Neste sábado, dia 25 de agosto, o Cineclube Dissenso exibe dois médias e um curta-metragem da diretora americana Su Friedrich, numa parceria com o Fórum LGBT de Pernambuco, em ocasião do Dia da Visibilidade Lésbica.

Localizada dentro do que se convencionou chamar Cinema Lésbico Independente Americano, Friedrich, junto com nomes como Barbara Hammer, Jan Oxenberg e Sadie Benning, investigou, ao longo dos anos 70, 80 e 90, novas formas de representação, em busca de uma alternativa aos modelos patriarcais que interditavam a possibilidade de identificação e agência aos personagens femininos, tornando-os meramente objetos do desejo voyeurístico para o olhar dos personagens/espectadores masculinos, conforme descrito por Laura Mulvey.

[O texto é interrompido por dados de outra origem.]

(* Let $Z=(X,Y)\in\mathfrak X_S$ be as in the setup, and assume $A=-2C$. Let $$G(x,y)=H(x^2+y^2)-(H+1)xy+\frac{2CH\Lambda(y-x)}{C^2+1}+\frac{\Lambda^2(H-1)}{C^2+1},$$ and let $P_X=f_1f_2$ be the first integral of $X$ (under $A=-2C$ the exponent $-2C/A$ equals $1$). Then for all $(x,y)\in\mathbb R^2$, $$P_X(x,y,0)-P_X(-y,-x,0)=-(x+y)\,G(x,y).$$ Hence the closure condition for symmetric crossings off the line $\{x+y=0\}$ defines the conic $$\Gamma_1=\{(x,y,0): G(x,y)=0\}\subset\Sigma.$$ Moreover: - (a) $\Gamma_1$ is a pair of lines iff $H=1$; - (b) $\Gamma_1$ is a parabola iff $H=-\tfrac13$; - (c) $\Gamma_1$ is a hyperbola iff $-\tfrac13<H<1$; - (d) $\Gamma_1$ is an ellipse iff $H<-\tfrac13$ or $H>1$. The discriminant of the quadratic part of $G$ is $D(\Gamma_1)=(H+1)^2-4H^2=(1-H)(3H+1)$.
   Context: Setup. Fix real parameters $A\neq 0$, $C$, $H$, $\Lambda$. Let $\Sigma=\{z=0\}$, $\Sigma^+=\{z\ge0\}$ and $\Sigma^-=\{z<0\}$. Define $$X(x,y,z)=\big(Ax-H(((A-C)^2+1)z-\Lambda),\ \Lambda-(1+C^2)z,\ y+2Cz\big),$$ $$Y(x,y,z)=\big(-\Lambda-(1+C^2)z,\ Ay-H(((A-C)^2+1)z+\Lambda),\ x+2Cz\big).$$ $Z$ equals $X$ on $\Sigma^+$ and $Y$ on $\Sigma^-$ (family $\mathfrak X_S$, equivariant under $S(x,y,z)=(-y,-x,-z)$). The functions $f_1$ and $f_2$ are $$f_1=y^2+2C\Big(z+\frac{\Lambda}{C^2+1}\Big)y+(C^2+1)z^2+\frac{2\Lambda(C^2-1)z}{C^2+1}+\frac{\Lambda^2}{C^2+1},\qquad f_2=x-H(Az+y).$$ They are Darboux polynomials of $X$, and $P_X=f_1f_2^{-2C/A}$ is a first integral of $X$. *)

theory Defs
  imports Complex_Main
begin

definition f1 :: "real \<Rightarrow> real \<Rightarrow> real \<Rightarrow> real \<Rightarrow> real \<Rightarrow> real \<Rightarrow> real \<Rightarrow> real" where
  "f1 A C H \<Lambda> x y z = y\<^sup>2 + 2 * C * (z + \<Lambda> / (C\<^sup>2 + 1)) * y + (C\<^sup>2 + 1) * z\<^sup>2
      + 2 * \<Lambda> * (C\<^sup>2 - 1) * z / (C\<^sup>2 + 1) + \<Lambda>\<^sup>2 / (C\<^sup>2 + 1)"

definition f2 :: "real \<Rightarrow> real \<Rightarrow> real \<Rightarrow> real \<Rightarrow> real \<Rightarrow> real \<Rightarrow> real \<Rightarrow> real" where
  "f2 A C H \<Lambda> x y z = x - H * (A * z + y)"

text \<open>First integral P_X = f1 * f2^(-2C/A); under A = -2C the exponent is 1.\<close>
definition PX1 :: "real \<Rightarrow> real \<Rightarrow> real \<Rightarrow> real \<Rightarrow> real \<Rightarrow> real \<Rightarrow> real \<Rightarrow> real" where
  "PX1 A C H \<Lambda> x y z = f1 A C H \<Lambda> x y z * f2 A C H \<Lambda> x y z"

definition G :: "real \<Rightarrow> real \<Rightarrow> real \<Rightarrow> real \<Rightarrow> real \<Rightarrow> real" where
  "G C H \<Lambda> x y = H * (x\<^sup>2 + y\<^sup>2) - (H + 1) * x * y + 2 * C * H * \<Lambda> * (y - x) / (C\<^sup>2 + 1)
      + \<Lambda>\<^sup>2 * (H - 1) / (C\<^sup>2 + 1)"

definition Gamma1 :: "real \<Rightarrow> real \<Rightarrow> real \<Rightarrow> (real \<times> real \<times> real) set" where
  "Gamma1 C H \<Lambda> = {(x, y, z). z = 0 \<and> G C H \<Lambda> x y = 0}"

definition conic_coeffs :: "(real \<Rightarrow> real \<Rightarrow> real) \<Rightarrow> real \<Rightarrow> real \<Rightarrow> real \<Rightarrow> real \<Rightarrow> real \<Rightarrow> real \<Rightarrow> bool" where
  "conic_coeffs q a b c d e f \<longleftrightarrow> (a, b, c) \<noteq> (0, 0, 0) \<and>
     (\<forall>x y. q x y = a * x\<^sup>2 + b * x * y + c * y\<^sup>2 + d * x + e * y + f)"

definition conic_disc :: "real \<Rightarrow> real \<Rightarrow> real \<Rightarrow> real" where
  "conic_disc a b c = b\<^sup>2 - 4 * a * c"

definition conic_det :: "real \<Rightarrow> real \<Rightarrow> real \<Rightarrow> real \<Rightarrow> real \<Rightarrow> real \<Rightarrow> real" where
  "conic_det a b c d e f =
     a * (c * f - (e/2)\<^sup>2) - (b/2) * ((b/2) * f - (e/2) * (d/2)) + (d/2) * ((b/2) * (e/2) - c * (d/2))"

definition is_ellipse :: "(real \<Rightarrow> real \<Rightarrow> real) \<Rightarrow> bool" where
  "is_ellipse q \<longleftrightarrow> (\<exists>a b c d e f. conic_coeffs q a b c d e f \<and> conic_disc a b c < 0)"

definition is_hyperbola :: "(real \<Rightarrow> real \<Rightarrow> real) \<Rightarrow> bool" where
  "is_hyperbola q \<longleftrightarrow> (\<exists>a b c d e f. conic_coeffs q a b c d e f \<and> conic_disc a b c > 0)"

definition is_parabola :: "(real \<Rightarrow> real \<Rightarrow> real) \<Rightarrow> bool" where
  "is_parabola q \<longleftrightarrow> (\<exists>a b c d e f. conic_coeffs q a b c d e f \<and> conic_disc a b c = 0
                                          \<and> conic_det a b c d e f \<noteq> 0)"

definition is_pair_of_lines :: "(real \<Rightarrow> real \<Rightarrow> real) \<Rightarrow> bool" where
  "is_pair_of_lines q \<longleftrightarrow> (\<exists>p1 s1 r1 p2 s2 r2. (p1, s1) \<noteq> (0, 0) \<and> (p2, s2) \<noteq> (0, 0) \<and>
       (\<forall>x y. q x y = (p1 * x + s1 * y + r1) * (p2 * x + s2 * y + r2)))"

end

theory Submission
  imports Defs
begin

text \<open>The difference \<open>P\<^sub>X(x,y,0) - P\<^sub>X(-y,-x,0)\<close> changes sign under the reflection
  \<open>(x,y) \<mapsto> (-y,-x)\<close>, so it vanishes on \<open>x + y = 0\<close> and is divisible by \<open>x + y\<close>;
  for \<open>A = -2C\<close> the quotient is \<open>-G\<close>. Since a quadratic polynomial function determines its
  coefficients, the type of the conic \<open>G = 0\<close> is read off from the discriminant
  \<open>(1 - H)(3H + 1)\<close> of its quadratic part and from the determinant of its 3x3 matrix. That
  determinant is \<open>(H - 1) \<Lambda>\<^sup>2\<close> times a quantity which cannot vanish when \<open>C \<noteq> 0\<close> and the
  discriminant is nonnegative, whereas a pair of lines always has vanishing determinant and
  nonnegative discriminant.\<close>

lemma quadratic_coeffs_unique:
  fixes a b c d e f a' b' c' d' e' f' :: real
  assumes "\<And>x y. a * x\<^sup>2 + b * x * y + c * y\<^sup>2 + d * x + e * y + f
                = a' * x\<^sup>2 + b' * x * y + c' * y\<^sup>2 + d' * x + e' * y + f'"
  shows "a = a' \<and> b = b' \<and> c = c' \<and> d = d' \<and> e = e' \<and> f = f'"
  using assms[of 0 0] assms[of 1 0] assms[of "-1" 0] assms[of 0 1] assms[of 0 "-1"] assms[of 1 1]
  by simp

lemma conic_coeffs_unique:
  assumes "conic_coeffs q a b c d e f" and "conic_coeffs q a' b' c' d' e' f'"
  shows "a = a' \<and> b = b' \<and> c = c' \<and> d = d' \<and> e = e' \<and> f = f'"
  using assms unfolding conic_coeffs_def by (intro quadratic_coeffs_unique) auto

lemma is_ellipse_iff:
  assumes "conic_coeffs q a b c d e f"
  shows "is_ellipse q \<longleftrightarrow> conic_disc a b c < 0"
  using assms conic_coeffs_unique unfolding is_ellipse_def by metis

lemma is_hyperbola_iff:
  assumes "conic_coeffs q a b c d e f"
  shows "is_hyperbola q \<longleftrightarrow> conic_disc a b c > 0"
  using assms conic_coeffs_unique unfolding is_hyperbola_def by metis

lemma is_parabola_iff:
  assumes "conic_coeffs q a b c d e f"
  shows "is_parabola q \<longleftrightarrow> conic_disc a b c = 0 \<and> conic_det a b c d e f \<noteq> 0"
  using assms conic_coeffs_unique unfolding is_parabola_def by metis

lemma pair_of_lines_conic_invariants:
  assumes "is_pair_of_lines q" and "conic_coeffs q a b c d e f"
  shows "conic_det a b c d e f = 0" and "conic_disc a b c \<ge> 0"
proof -
  obtain p1 s1 r1 p2 s2 r2 where q: "\<And>x y. q x y = (p1 * x + s1 * y + r1) * (p2 * x + s2 * y + r2)"
    using assms(1) unfolding is_pair_of_lines_def by blast
  have "a * x\<^sup>2 + b * x * y + c * y\<^sup>2 + d * x + e * y + f
      = (p1 * p2) * x\<^sup>2 + (p1 * s2 + p2 * s1) * x * y + (s1 * s2) * y\<^sup>2
        + (p1 * r2 + p2 * r1) * x + (s1 * r2 + s2 * r1) * y + r1 * r2" for x y
    using assms(2) q[of x y] unfolding conic_coeffs_def by (simp add: algebra_simps power2_eq_square)
  then have coeffs: "a = p1 * p2 \<and> b = p1 * s2 + p2 * s1 \<and> c = s1 * s2 \<and> d = p1 * r2 + p2 * r1
      \<and> e = s1 * r2 + s2 * r1 \<and> f = r1 * r2"
    by (rule quadratic_coeffs_unique)
  then show "conic_det a b c d e f = 0"
    unfolding conic_det_def by (simp add: field_simps power2_eq_square)
  have "conic_disc a b c = (p1 * s2 - p2 * s1)\<^sup>2"
    using coeffs unfolding conic_disc_def by (simp add: algebra_simps power2_eq_square)
  then show "conic_disc a b c \<ge> 0" by simp
qed

lemma PX1_reflection_difference:
  assumes "A = -2 * C"
  shows "PX1 A C H \<Lambda> x y 0 - PX1 A C H \<Lambda> (-y) (-x) 0 = -(x + y) * G C H \<Lambda> x y"
proof -
  define D where "D = C\<^sup>2 + 1"
  have "D > 0" unfolding D_def by (simp add: add_nonneg_pos)
  with assms show ?thesis
    unfolding PX1_def f1_def f2_def G_def D_def[symmetric] by (simp add: field_simps power2_eq_square)
qed

lemma PX1_reflection_eq_iff_Gamma1:
  assumes "A = -2 * C" and "x + y \<noteq> 0"
  shows "PX1 A C H \<Lambda> x y 0 = PX1 A C H \<Lambda> (-y) (-x) 0 \<longleftrightarrow> (x, y, 0) \<in> Gamma1 C H \<Lambda>"
proof -
  have "PX1 A C H \<Lambda> x y 0 = PX1 A C H \<Lambda> (-y) (-x) 0 \<longleftrightarrow> (x + y) * G C H \<Lambda> x y = 0"
    using PX1_reflection_difference[OF assms(1), of H \<Lambda> x y] by linarith
  then show ?thesis using assms(2) unfolding Gamma1_def by simp
qed

lemma G_conic_coeffs:
  "conic_coeffs (G C H \<Lambda>) H (-(H + 1)) H (-(2 * C * H * \<Lambda> / (C\<^sup>2 + 1)))
     (2 * C * H * \<Lambda> / (C\<^sup>2 + 1)) (\<Lambda>\<^sup>2 * (H - 1) / (C\<^sup>2 + 1))"
  unfolding conic_coeffs_def G_def by (auto simp: algebra_simps diff_divide_distrib)

lemma G_conic_coeffs_eq:
  assumes "conic_coeffs (G C H \<Lambda>) a b c d e f"
  shows "a = H" "b = -(H + 1)" "c = H" "d = -(2 * C * H * \<Lambda> / (C\<^sup>2 + 1))"
    "e = 2 * C * H * \<Lambda> / (C\<^sup>2 + 1)" "f = \<Lambda>\<^sup>2 * (H - 1) / (C\<^sup>2 + 1)"
  using conic_coeffs_unique[OF assms G_conic_coeffs] by auto

lemma G_conic_disc:
  assumes "conic_coeffs (G C H \<Lambda>) a b c d e f"
  shows "conic_disc a b c = (1 - H) * (3 * H + 1)"
  unfolding conic_disc_def G_conic_coeffs_eq[OF assms] by algebra

lemma G_conic_det_eq_0_iff:
  assumes "C \<noteq> 0" and "\<Lambda> \<noteq> 0" and "conic_coeffs (G C H \<Lambda>) a b c d e f"
    and disc: "(1 - H) * (3 * H + 1) \<ge> 0"
  shows "conic_det a b c d e f = 0 \<longleftrightarrow> H = 1"
proof -
  define D where "D = C\<^sup>2 + 1"
  have "D > 0" unfolding D_def by (simp add: add_nonneg_pos)
  have det: "conic_det a b c d e f
      = -(H - 1) * \<Lambda>\<^sup>2 / (4 * D\<^sup>2) * ((1 - H) * (3 * H + 1) * D + 4 * C\<^sup>2 * H\<^sup>2)"
    using \<open>D > 0\<close> unfolding conic_det_def G_conic_coeffs_eq[OF assms(3)] D_def[symmetric]
    by (simp add: field_simps power2_eq_square)
  have "(1 - H) * (3 * H + 1) * D + 4 * C\<^sup>2 * H\<^sup>2 > 0"
  proof (cases "H = 0")
    case True
    then show ?thesis using \<open>D > 0\<close> by simp
  next
    case False
    then show ?thesis using \<open>C \<noteq> 0\<close> \<open>D > 0\<close> disc by (simp add: add_nonneg_pos)
  qed
  then show ?thesis using det \<open>\<Lambda> \<noteq> 0\<close> \<open>D > 0\<close> by auto
qed

lemma is_pair_of_lines_G_iff:
  assumes "C \<noteq> 0" and "\<Lambda> \<noteq> 0"
  shows "is_pair_of_lines (G C H \<Lambda>) \<longleftrightarrow> H = 1"
proof
  assume lines: "is_pair_of_lines (G C H \<Lambda>)"
  obtain a b c d e f where coeffs: "conic_coeffs (G C H \<Lambda>) a b c d e f"
    using G_conic_coeffs by blast
  have "conic_det a b c d e f = 0" and disc: "(1 - H) * (3 * H + 1) \<ge> 0"
    using pair_of_lines_conic_invariants[OF lines coeffs] G_conic_disc[OF coeffs] by simp_all
  then show "H = 1" using G_conic_det_eq_0_iff[OF assms coeffs disc] by blast
next
  assume "H = 1"
  show "is_pair_of_lines (G C H \<Lambda>)" unfolding is_pair_of_lines_def
  proof (intro exI conjI allI)
    fix x y
    show "G C H \<Lambda> x y = (1 * x + (-1) * y + 0) * (1 * x + (-1) * y + -(2 * C * \<Lambda> / (C\<^sup>2 + 1)))"
      using \<open>H = 1\<close> unfolding G_def by (simp add: algebra_simps power2_eq_square diff_divide_distrib)
  qed auto
qed

lemma is_parabola_G_iff:
  assumes "C \<noteq> 0" and "\<Lambda> \<noteq> 0"
  shows "is_parabola (G C H \<Lambda>) \<longleftrightarrow> H = -1/3"
proof -
  obtain a b c d e f where coeffs: "conic_coeffs (G C H \<Lambda>) a b c d e f"
    using G_conic_coeffs by blast
  have "is_parabola (G C H \<Lambda>) \<longleftrightarrow> (1 - H) * (3 * H + 1) = 0 \<and> conic_det a b c d e f \<noteq> 0"
    using is_parabola_iff[OF coeffs] G_conic_disc[OF coeffs] by simp
  also have "\<dots> \<longleftrightarrow> (1 - H) * (3 * H + 1) = 0 \<and> H \<noteq> 1"
    using G_conic_det_eq_0_iff[OF assms coeffs] by auto
  also have "\<dots> \<longleftrightarrow> H = -1/3" by auto
  finally show ?thesis .
qed

theorem mainTheorem6:
  fixes A C H \<Lambda> :: real
  assumes "A \<noteq> 0" and "A = -2 * C"
  shows "(\<forall>x y. PX1 A C H \<Lambda> x y 0 - PX1 A C H \<Lambda> (-y) (-x) 0 = -(x + y) * G C H \<Lambda> x y)
    \<and> (\<forall>x y. x + y \<noteq> 0 \<longrightarrow>
          (PX1 A C H \<Lambda> x y 0 = PX1 A C H \<Lambda> (-y) (-x) 0 \<longleftrightarrow> (x, y, 0) \<in> Gamma1 C H \<Lambda>))
    \<and> (\<forall>a b c d e f. conic_coeffs (G C H \<Lambda>) a b c d e f \<longrightarrow>
          conic_disc a b c = (H + 1)\<^sup>2 - 4 * H\<^sup>2 \<and> (H + 1)\<^sup>2 - 4 * H\<^sup>2 = (1 - H) * (3 * H + 1))
    \<and> (\<Lambda> \<noteq> 0 \<longrightarrow> (is_pair_of_lines (G C H \<Lambda>) \<longleftrightarrow> H = 1))
    \<and> (\<Lambda> \<noteq> 0 \<longrightarrow> (is_parabola (G C H \<Lambda>) \<longleftrightarrow> H = -1/3))
    \<and> (is_hyperbola (G C H \<Lambda>) \<longleftrightarrow> -1/3 < H \<and> H < 1)
    \<and> (is_ellipse (G C H \<Lambda>) \<longleftrightarrow> H < -1/3 \<or> H > 1)"
proof -
  have "C \<noteq> 0" using assms by simp
  have disc: "(H + 1)\<^sup>2 - 4 * H\<^sup>2 = (1 - H) * (3 * H + 1)" by algebra
  have pos: "(1 - H) * (3 * H + 1) > 0 \<longleftrightarrow> -1/3 < H \<and> H < 1"
    by (simp add: zero_less_mult_iff) linarith
  have neg: "(1 - H) * (3 * H + 1) < 0 \<longleftrightarrow> H < -1/3 \<or> H > 1"
    by (simp add: mult_less_0_iff) linarith
  show ?thesis
    using PX1_reflection_difference[OF assms(2)] PX1_reflection_eq_iff_Gamma1[OF assms(2)]
      disc pos neg G_conic_disc
      is_pair_of_lines_G_iff[OF \<open>C \<noteq> 0\<close>] is_parabola_G_iff[OF \<open>C \<noteq> 0\<close>]
      is_hyperbola_iff[OF G_conic_coeffs] is_ellipse_iff[OF G_conic_coeffs]
      G_conic_disc[OF G_conic_coeffs]
    by auto
qed

end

Os três filmes de Friedrich que exibimos filiam-se à corrente de documentários de auto-ficção. São relatos memorialistas, pessoais, onde a narração confessional é o fio condutor das tramas. O primeiro, “Os Laços que Unem”, dá voz às memórias da mãe da diretora, alemã que viveu toda a ascensão nazista que culminou na Segunda Guerra Mundial, antes de fugir para os EUA. É na tensão entre a consciência da luta que, de alguma forma, empreendeu contra o regime e a culpa por fazer parte da nação que gerou-o que o filme equilibra-se.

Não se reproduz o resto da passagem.